Another Factor In The Savings Decline
September 27, 2000
The generally accepted explanation for the decline in personal savings is that Americans look to their stock market and real estate gains to salve their consciences as they sally forth to buy more things. Economist Ian Morris of HSBC Securities doesn't disagree with this view, but he thinks there is another factor involved -- the federal budget surplus.
Here is an outline of Morris' theory:
- The personal savings rate began to decline sharply well before the huge run-up in stocks -- but it coincided with the beginning of the shrinking of the federal deficit as a share of national output.

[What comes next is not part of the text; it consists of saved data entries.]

lemma bij_betw_minimals:
  "bij_betw minimals {F. upset F} {A. A \<subseteq> carrier \<and> antichain A}"
proof (rule bij_betw_byWitness[where f' = upclosure])
  show "\<forall>F\<in>{F. upset F}. upclosure (minimals F) = F"
    using upclosure_minimals by blast
  show "\<forall>A\<in>{A. A \<subseteq> carrier \<and> antichain A}. minimals (upclosure A) = A"
    using minimals_upclosure by blast
  show "minimals ` {F. upset F} \<subseteq> {A. A \<subseteq> carrier \<and> antichain A}"
    unfolding minimals_def upset_def antichain_def by blast
  show "upclosure ` {A. A \<subseteq> carrier \<and> antichain A} \<subseteq> {F. upset F}"
    using upset_upclosure by blast
qed

lemma upset_Diff_minimal:
  assumes "upset F" "m \<in> minimals F"
  shows "upset (F - {m})"
  using assms unfolding upset_def minimals_def by blast

lemma upper_covers_eq:
  assumes F: "upset F"
  shows "upper_covers F = (\<lambda>m. F - {m}) ` minimals F"
proof (intro equalityI subsetI)
  fix G assume "G \<in> upper_covers F"
  then have G: "upset G" "G \<subset> F" and maximal: "\<And>H. upset H \<Longrightarrow> G \<subset> H \<Longrightarrow> \<not> H \<subset> F"
    unfolding upper_covers_def by blast+
  obtain x where "x \<in> F - G" using G(2) by blast
  then obtain m where m: "m \<in> minimals (F - G)" by (rule minimal_below)
  have "m \<in> minimals F"
    using m G unfolding minimals_def upset_def by blast
  moreover from this have "G = F - {m}"
    using maximal[OF upset_Diff_minimal[OF F]] m G(2) unfolding minimals_def by blast
  ultimately show "G \<in> (\<lambda>m. F - {m}) ` minimals F" by blast
next
  fix G assume "G \<in> (\<lambda>m. F - {m}) ` minimals F"
  then obtain m where m: "m \<in> minimals F" and G: "G = F - {m}" by blast
  have "m \<in> F" using m unfolding minimals_def by blast
  then show "G \<in> upper_covers F"
    unfolding upper_covers_def G using upset_Diff_minimal[OF F m] by blast
qed

lemma card_upper_covers:
  assumes "upset F"
  shows "card (upper_covers F) = card (minimals F)"
proof -
  have "inj_on (\<lambda>m. F - {m}) (minimals F)"
    unfolding minimals_def by (rule inj_onI) blast
  then show ?thesis
    unfolding upper_covers_eq[OF assms] by (rule card_image)
qed

lemma card_upsets_by_covers_eq_card_antichains:
  "card {F. upset F \<and> card (upper_covers F) = k} = card {A. A \<subseteq> carrier \<and> antichain A \<and> card A = k}"
proof -
  have "{F. upset F \<and> card (upper_covers F) = k} = {F \<in> {F. upset F}. card (minimals F) = k}"
    using card_upper_covers by auto
  also have "card \<dots> = card {A \<in> {A. A \<subseteq> carrier \<and> antichain A}. card A = k}"
  proof (rule bij_betw_same_card, rule bij_betw_subset[OF bij_betw_minimals])
    show "minimals ` {F \<in> {F. upset F}. card (minimals F) = k} = {A \<in> {A. A \<subseteq> carrier \<and> antichain A}. card A = k}"
      unfolding bij_betw_imp_surj_on[OF bij_betw_minimals, symmetric] by blast
  qed auto
  finally show ?thesis by simp
qed

end

section \<open>The poset Xi_n\<close>

lemma xi_cover_iff:
  "xi_cover n i j \<longleftrightarrow> i \<in> {1..n} \<and> j \<in> {1..n} \<and>
     (i = 2 \<and> j = 1 \<or> i = 3 \<and> j = 2 \<or> odd i \<and> 3 \<le> i \<and> (j = Suc i \<or> 5 \<le> i \<and> Suc j = i))"
proof
  assume "xi_cover n i j"
  then show "i \<in> {1..n} \<and> j \<in> {1..n} \<and>
     (i = 2 \<and> j = 1 \<or> i = 3 \<and> j = 2 \<or> odd i \<and> 3 \<le> i \<and> (j = Suc i \<or> 5 \<le> i \<and> Suc j = i))"
    unfolding xi_cover_def by (elim conjE disjE exE) (simp_all, presburger)
next
  assume R: "i \<in> {1..n} \<and> j \<in> {1..n} \<and>
     (i = 2 \<and> j = 1 \<or> i = 3 \<and> j = 2 \<or> odd i \<and> 3 \<le> i \<and> (j = Suc i \<or> 5 \<le> i \<and> Suc j = i))"
  then show "xi_cover n i j"
    unfolding xi_cover_def by (elim conjE disjE) (auto intro: exI[of _ i] exI[of _ j])
qed

lemma xi_less_iff:
  "xi_less n i j \<longleftrightarrow> i \<in> {1..n} \<and> j \<in> {1..n} \<and>
     (i = 2 \<and> j = 1 \<or> i = 3 \<and> (j = 1 \<or> j = 2) \<or> odd i \<and> 3 \<le> i \<and> (j = Suc i \<or> 5 \<le> i \<and> Suc j = i))"
  (is "_ \<longleftrightarrow> ?R i j")
proof
  have trans: "?R a c" if "?R a b" "?R b c" for a b c
    using that by (elim conjE disjE) auto
  assume "xi_less n i j"
  then have "(i, j) \<in> {(a, b). xi_cover n a b}\<^sup>+" unfolding xi_less_def .
  then show "?R i j"
  proof (induction rule: trancl_induct)
    case (base y)
    then show ?case by (simp add: xi_cover_iff) blast
  next
    case (step y z)
    from step.hyps(2) have "?R y z" by (simp add: xi_cover_iff) blast
    with step.IH show ?case by (rule trans)
  qed
next
  have cover: "xi_less n a b" if "xi_cover n a b" for a b
    using that unfolding xi_less_def by auto
  assume R: "?R i j"
  show "xi_less n i j"
  proof (cases "i = 3 \<and> j = 1")
    case True
    with R have "xi_less n 3 2" "xi_less n 2 1" by (simp_all add: cover xi_cover_iff)
    with True show ?thesis unfolding xi_less_def by (metis trancl_trans)
  next
    case False
    with R show ?thesis by (intro cover) (simp add: xi_cover_iff, blast)
  qed
qed
section \<open>Chernoff bounds\<close>

lemma exp_le_second_order: "exp (x::real) \<le> 1 + x + x^2 * exp \<bar>x\<bar> / 2"
proof -
  obtain t where t: "\<bar>t\<bar> \<le> \<bar>x\<bar>" "exp x = (\<Sum>m<2. x ^ m / fact m) + exp t / fact 2 * x ^ 2"
    using Maclaurin_exp_le[of x 2] by blast
  have "exp t * x^2 \<le> exp \<bar>x\<bar> * x^2"
    using t(1) by (intro mult_right_mono) auto
  then show ?thesis using t(2) by (simp add: numeral_2_eq_2 mult.commute)
qed

lemma half_square_le_exp:
  assumes "0 \<le> (y::real)"
  shows "y^2 / 2 \<le> exp y"
proof -
  obtain t where "exp y = (\<Sum>m<3. y ^ m / fact m) + exp t / fact 3 * y ^ 3"
    using Maclaurin_exp_le[of y 3] by blast
  moreover have "(\<Sum>m<3. y ^ m / fact m) = 1 + y + y^2/2"
    by (simp add: numeral_3_eq_3 numeral_2_eq_2)
  ultimately show ?thesis using assms by simp
qed

lemma mgf_le_exp_square:
  fixes f w :: "'a \<Rightarrow> real"
  assumes w: "\<forall>x\<in>C. 0 \<le> w x" and w1: "sum w C = 1"
    and mean: "(\<Sum>x\<in>C. w x * f x) = 0"
    and moment: "(\<Sum>x\<in>C. w x * ((f x)^2 * exp \<bar>l * f x\<bar>)) \<le> 2 * K"
  shows "(\<Sum>x\<in>C. w x * exp (l * f x)) \<le> exp (K * l^2)"
proof -
  have "(\<Sum>x\<in>C. w x * exp (l * f x))
      \<le> (\<Sum>x\<in>C. w x * (1 + l * f x + l^2 * ((f x)^2 * exp \<bar>l * f x\<bar>) / 2))"
  proof (intro sum_mono mult_left_mono)
    fix x
    show "exp (l * f x) \<le> 1 + l * f x + l^2 * ((f x)^2 * exp \<bar>l * f x\<bar>) / 2"
      using exp_le_second_order[of "l * f x"] by (simp add: power_mult_distrib mult.assoc)
  qed (use w in auto)
  also have "\<dots> = sum w C + l * (\<Sum>x\<in>C. w x * f x)
      + l^2 / 2 * (\<Sum>x\<in>C. w x * ((f x)^2 * exp \<bar>l * f x\<bar>))"
    by (simp add: algebra_simps sum.distrib sum_distrib_left sum_divide_distrib)
  also have "\<dots> \<le> 1 + K * l^2"
    using w1 mean mult_left_mono[OF moment, of "l^2/2"] by (simp add: mult.commute mult.left_commute)
  also have "\<dots> \<le> exp (K * l^2)"
    using exp_ge_add_one_self[of "K * l^2"] by (simp add: add.commute)
  finally show ?thesis .
qed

- In effect, rising government saving -- or less dis-saving -- has been offset by falling personal saving.
- This suggests that people's savings behavior is highly responsive to government borrowing.
- As economist David Ricardo theorized in 1817, people realize that rising government deficits foreshadow rising future taxes -- and so they postpone their consumption and boost their savings to prepare for the taxes ahead.
Conversely, they respond to falling deficits and government surpluses by lowering savings, Morris believes.
He finds further evidence to bolster his theory from similar behavior abroad. Australia, Britain, Canada, Holland, Italy, New Zealand, Portugal and Sweden all saw sharp declines in their personal savings rates in the 1990s. And all also posted improvements in their structural government budget balances -- cyclically adjusted.